**WHAT YOU HAVE TO DO:**
Scan the records for the string "moreover"; copy each line where it occurs.

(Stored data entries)
════════
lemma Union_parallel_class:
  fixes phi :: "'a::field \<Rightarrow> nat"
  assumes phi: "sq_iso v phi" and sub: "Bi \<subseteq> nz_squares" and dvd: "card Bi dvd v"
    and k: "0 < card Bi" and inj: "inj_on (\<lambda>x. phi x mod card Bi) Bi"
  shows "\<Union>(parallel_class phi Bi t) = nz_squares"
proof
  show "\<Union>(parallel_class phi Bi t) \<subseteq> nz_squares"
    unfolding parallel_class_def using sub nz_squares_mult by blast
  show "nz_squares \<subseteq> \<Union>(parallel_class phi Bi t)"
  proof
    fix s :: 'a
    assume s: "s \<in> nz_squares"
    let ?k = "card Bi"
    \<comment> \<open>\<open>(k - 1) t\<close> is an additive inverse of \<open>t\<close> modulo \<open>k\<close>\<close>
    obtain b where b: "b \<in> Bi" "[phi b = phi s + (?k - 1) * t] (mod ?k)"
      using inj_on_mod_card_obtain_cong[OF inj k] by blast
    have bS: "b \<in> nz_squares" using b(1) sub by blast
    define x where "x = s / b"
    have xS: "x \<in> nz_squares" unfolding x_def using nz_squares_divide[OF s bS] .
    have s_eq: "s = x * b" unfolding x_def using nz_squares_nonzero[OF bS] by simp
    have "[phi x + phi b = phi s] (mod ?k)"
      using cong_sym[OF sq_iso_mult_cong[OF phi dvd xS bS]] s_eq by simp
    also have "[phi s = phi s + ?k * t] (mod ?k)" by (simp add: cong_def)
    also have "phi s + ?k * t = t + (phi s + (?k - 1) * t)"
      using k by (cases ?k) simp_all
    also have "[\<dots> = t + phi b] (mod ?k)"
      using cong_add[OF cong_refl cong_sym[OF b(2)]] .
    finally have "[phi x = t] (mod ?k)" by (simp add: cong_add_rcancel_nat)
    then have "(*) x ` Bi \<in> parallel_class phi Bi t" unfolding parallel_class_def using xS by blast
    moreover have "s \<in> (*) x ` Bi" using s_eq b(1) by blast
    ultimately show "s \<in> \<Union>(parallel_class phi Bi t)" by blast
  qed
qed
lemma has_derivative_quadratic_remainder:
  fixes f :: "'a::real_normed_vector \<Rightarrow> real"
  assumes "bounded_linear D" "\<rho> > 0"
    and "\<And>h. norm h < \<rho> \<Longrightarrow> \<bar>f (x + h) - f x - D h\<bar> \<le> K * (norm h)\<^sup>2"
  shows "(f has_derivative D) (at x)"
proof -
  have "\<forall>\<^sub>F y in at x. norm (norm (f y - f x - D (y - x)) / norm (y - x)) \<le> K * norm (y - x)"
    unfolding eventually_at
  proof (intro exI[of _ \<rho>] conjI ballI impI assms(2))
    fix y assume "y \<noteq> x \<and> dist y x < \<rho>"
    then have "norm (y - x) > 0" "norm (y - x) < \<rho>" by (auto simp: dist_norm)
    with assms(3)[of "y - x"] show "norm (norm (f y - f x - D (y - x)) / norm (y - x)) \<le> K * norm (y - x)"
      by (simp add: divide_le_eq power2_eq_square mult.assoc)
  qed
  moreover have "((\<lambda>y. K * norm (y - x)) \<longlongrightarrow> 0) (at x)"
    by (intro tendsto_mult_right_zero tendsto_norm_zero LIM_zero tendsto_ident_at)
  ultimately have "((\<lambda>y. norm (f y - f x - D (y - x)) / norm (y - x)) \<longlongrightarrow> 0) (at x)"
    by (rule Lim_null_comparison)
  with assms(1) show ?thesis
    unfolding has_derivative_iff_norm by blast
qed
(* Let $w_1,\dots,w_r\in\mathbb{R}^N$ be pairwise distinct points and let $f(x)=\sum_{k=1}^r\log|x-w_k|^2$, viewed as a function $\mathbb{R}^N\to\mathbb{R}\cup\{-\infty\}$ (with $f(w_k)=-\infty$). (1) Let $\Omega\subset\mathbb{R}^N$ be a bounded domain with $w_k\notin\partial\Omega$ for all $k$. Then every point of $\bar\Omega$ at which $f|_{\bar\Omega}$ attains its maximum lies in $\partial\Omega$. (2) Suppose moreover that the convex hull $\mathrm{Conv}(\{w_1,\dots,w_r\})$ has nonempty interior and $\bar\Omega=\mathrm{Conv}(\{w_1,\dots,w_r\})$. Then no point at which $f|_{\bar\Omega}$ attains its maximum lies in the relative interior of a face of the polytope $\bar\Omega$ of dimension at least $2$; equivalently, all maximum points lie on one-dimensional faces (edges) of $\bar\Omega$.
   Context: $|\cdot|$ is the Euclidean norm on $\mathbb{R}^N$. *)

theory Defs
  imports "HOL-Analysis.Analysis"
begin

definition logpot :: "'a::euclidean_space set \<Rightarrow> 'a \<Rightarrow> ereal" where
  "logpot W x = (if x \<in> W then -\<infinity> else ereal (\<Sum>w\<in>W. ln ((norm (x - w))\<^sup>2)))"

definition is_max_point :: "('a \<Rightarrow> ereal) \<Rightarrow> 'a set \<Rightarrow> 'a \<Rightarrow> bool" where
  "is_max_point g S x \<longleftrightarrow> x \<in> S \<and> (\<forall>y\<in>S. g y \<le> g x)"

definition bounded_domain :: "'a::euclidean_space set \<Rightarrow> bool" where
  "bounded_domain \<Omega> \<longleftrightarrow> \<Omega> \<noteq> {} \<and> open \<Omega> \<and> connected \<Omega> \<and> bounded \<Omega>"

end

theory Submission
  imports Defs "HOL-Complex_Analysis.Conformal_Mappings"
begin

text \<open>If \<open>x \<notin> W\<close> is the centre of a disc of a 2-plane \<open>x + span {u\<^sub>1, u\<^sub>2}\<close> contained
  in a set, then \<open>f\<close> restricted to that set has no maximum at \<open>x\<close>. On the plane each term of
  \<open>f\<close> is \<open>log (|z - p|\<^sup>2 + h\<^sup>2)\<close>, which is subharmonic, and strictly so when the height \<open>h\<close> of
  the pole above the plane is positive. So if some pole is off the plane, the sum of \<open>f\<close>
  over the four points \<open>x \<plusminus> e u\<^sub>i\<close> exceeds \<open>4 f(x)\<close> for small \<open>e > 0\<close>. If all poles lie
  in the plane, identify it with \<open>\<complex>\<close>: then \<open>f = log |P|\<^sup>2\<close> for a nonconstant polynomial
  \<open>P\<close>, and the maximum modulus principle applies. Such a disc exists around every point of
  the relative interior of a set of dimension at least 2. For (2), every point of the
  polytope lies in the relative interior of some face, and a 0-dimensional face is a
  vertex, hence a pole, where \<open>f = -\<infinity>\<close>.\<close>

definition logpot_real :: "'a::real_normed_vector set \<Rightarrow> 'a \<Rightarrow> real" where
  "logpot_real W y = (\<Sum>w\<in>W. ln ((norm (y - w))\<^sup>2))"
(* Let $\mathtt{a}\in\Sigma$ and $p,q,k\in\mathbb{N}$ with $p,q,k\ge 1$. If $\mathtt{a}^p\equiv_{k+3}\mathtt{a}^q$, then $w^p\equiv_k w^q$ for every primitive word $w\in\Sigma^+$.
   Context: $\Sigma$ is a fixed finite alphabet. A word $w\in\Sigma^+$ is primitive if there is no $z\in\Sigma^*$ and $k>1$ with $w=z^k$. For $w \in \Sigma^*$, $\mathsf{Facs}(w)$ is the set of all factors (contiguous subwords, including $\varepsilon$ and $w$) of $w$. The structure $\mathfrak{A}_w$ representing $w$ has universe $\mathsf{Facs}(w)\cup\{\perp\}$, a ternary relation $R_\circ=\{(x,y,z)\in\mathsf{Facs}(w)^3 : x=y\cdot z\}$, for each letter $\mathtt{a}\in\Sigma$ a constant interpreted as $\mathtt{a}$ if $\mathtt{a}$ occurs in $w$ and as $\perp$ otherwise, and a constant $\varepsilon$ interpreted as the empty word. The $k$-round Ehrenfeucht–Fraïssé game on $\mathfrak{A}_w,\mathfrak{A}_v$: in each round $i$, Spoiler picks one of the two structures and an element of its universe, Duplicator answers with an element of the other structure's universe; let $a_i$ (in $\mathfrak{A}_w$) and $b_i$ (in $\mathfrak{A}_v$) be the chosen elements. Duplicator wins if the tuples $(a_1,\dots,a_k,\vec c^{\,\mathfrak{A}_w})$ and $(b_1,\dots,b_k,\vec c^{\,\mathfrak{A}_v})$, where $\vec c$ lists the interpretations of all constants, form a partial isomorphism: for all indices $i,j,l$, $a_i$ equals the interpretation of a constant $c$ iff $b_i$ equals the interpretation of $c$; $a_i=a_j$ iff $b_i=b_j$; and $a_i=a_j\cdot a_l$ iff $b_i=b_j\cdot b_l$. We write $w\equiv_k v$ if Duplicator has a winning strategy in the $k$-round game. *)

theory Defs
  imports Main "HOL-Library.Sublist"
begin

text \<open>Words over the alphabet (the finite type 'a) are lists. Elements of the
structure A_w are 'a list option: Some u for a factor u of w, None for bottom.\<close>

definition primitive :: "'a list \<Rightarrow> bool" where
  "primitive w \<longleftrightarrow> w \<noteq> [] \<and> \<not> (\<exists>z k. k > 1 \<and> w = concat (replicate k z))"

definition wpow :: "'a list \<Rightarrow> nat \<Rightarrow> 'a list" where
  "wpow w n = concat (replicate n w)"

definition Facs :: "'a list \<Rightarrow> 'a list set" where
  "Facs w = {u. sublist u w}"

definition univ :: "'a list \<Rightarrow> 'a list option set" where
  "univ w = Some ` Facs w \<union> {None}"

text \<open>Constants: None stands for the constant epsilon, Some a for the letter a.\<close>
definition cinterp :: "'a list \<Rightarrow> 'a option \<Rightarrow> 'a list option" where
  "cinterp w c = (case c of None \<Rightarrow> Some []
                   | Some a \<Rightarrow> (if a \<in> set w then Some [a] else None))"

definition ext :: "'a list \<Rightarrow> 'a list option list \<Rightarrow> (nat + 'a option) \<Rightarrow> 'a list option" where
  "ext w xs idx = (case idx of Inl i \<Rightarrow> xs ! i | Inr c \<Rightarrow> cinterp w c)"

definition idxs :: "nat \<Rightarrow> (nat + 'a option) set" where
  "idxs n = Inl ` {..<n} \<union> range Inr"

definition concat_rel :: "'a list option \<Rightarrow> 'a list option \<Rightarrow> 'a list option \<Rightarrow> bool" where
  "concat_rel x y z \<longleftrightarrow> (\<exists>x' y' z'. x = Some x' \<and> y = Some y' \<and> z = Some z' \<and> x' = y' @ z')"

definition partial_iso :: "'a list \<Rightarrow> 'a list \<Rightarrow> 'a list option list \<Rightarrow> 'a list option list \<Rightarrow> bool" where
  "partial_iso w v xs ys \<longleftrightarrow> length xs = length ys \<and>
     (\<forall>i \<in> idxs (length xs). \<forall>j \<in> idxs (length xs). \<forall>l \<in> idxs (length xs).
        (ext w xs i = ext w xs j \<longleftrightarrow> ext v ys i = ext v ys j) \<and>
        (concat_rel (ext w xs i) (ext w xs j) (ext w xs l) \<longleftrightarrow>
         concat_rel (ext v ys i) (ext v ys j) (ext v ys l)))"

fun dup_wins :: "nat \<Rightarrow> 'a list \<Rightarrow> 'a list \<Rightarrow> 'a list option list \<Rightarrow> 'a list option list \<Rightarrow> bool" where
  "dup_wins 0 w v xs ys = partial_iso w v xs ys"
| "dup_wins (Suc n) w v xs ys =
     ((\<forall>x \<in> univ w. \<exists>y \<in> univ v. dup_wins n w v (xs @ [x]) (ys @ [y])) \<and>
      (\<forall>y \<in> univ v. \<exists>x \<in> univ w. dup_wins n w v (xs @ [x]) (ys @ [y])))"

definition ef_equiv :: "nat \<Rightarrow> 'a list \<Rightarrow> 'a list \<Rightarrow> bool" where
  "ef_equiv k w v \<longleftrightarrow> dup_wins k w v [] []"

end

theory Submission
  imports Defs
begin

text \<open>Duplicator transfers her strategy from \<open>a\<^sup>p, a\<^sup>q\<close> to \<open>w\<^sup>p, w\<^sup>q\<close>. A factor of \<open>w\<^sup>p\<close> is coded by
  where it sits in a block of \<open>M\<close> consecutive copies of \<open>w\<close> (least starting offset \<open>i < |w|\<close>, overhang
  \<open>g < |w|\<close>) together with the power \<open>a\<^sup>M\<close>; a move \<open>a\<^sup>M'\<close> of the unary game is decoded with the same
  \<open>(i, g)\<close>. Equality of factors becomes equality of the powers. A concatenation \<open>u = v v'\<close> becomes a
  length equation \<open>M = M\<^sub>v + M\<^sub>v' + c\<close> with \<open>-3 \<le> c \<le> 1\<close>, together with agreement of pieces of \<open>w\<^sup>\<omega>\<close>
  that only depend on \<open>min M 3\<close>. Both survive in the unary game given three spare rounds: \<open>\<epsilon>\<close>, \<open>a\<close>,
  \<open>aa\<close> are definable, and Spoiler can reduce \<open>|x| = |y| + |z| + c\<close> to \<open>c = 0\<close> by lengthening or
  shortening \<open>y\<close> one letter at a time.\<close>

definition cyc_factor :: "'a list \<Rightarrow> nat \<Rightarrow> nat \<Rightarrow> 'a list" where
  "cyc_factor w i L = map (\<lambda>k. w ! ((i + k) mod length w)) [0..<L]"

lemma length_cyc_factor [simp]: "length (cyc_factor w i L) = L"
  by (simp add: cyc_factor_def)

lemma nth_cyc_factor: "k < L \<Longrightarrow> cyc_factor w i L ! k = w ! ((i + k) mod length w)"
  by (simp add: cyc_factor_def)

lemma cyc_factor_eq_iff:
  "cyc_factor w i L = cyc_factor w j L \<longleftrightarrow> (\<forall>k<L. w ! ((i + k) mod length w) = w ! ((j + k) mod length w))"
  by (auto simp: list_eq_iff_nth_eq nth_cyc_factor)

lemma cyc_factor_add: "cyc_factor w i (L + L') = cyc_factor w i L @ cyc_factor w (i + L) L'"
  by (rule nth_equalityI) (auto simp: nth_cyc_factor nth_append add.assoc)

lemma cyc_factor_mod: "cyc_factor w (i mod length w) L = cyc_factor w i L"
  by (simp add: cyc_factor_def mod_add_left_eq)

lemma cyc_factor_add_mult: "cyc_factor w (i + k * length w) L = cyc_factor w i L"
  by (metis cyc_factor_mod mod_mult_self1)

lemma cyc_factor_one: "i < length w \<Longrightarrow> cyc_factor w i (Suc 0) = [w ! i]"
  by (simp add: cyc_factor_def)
════════
**TASK RESULT:**
    moreover have "s \<in> (*) x ` Bi" using s_eq b(1) by blast
  moreover have "((\<lambda>y. K * norm (y - x)) \<longlongrightarrow> 0) (at x)"
(* Let $w_1,\dots,w_r\in\mathbb{R}^N$ be pairwise distinct points and let $f(x)=\sum_{k=1}^r\log|x-w_k|^2$, viewed as a function $\mathbb{R}^N\to\mathbb{R}\cup\{-\infty\}$ (with $f(w_k)=-\infty$). (1) Let $\Omega\subset\mathbb{R}^N$ be a bounded domain with $w_k\notin\partial\Omega$ for all $k$. Then every point of $\bar\Omega$ at which $f|_{\bar\Omega}$ attains its maximum lies in $\partial\Omega$. (2) Suppose moreover that the convex hull $\mathrm{Conv}(\{w_1,\dots,w_r\})$ has nonempty interior and $\bar\Omega=\mathrm{Conv}(\{w_1,\dots,w_r\})$. Then no point at which $f|_{\bar\Omega}$ attains its maximum lies in the relative interior of a face of the polytope $\bar\Omega$ of dimension at least $2$; equivalently, all maximum points lie on one-dimensional faces (edges) of $\bar\Omega$.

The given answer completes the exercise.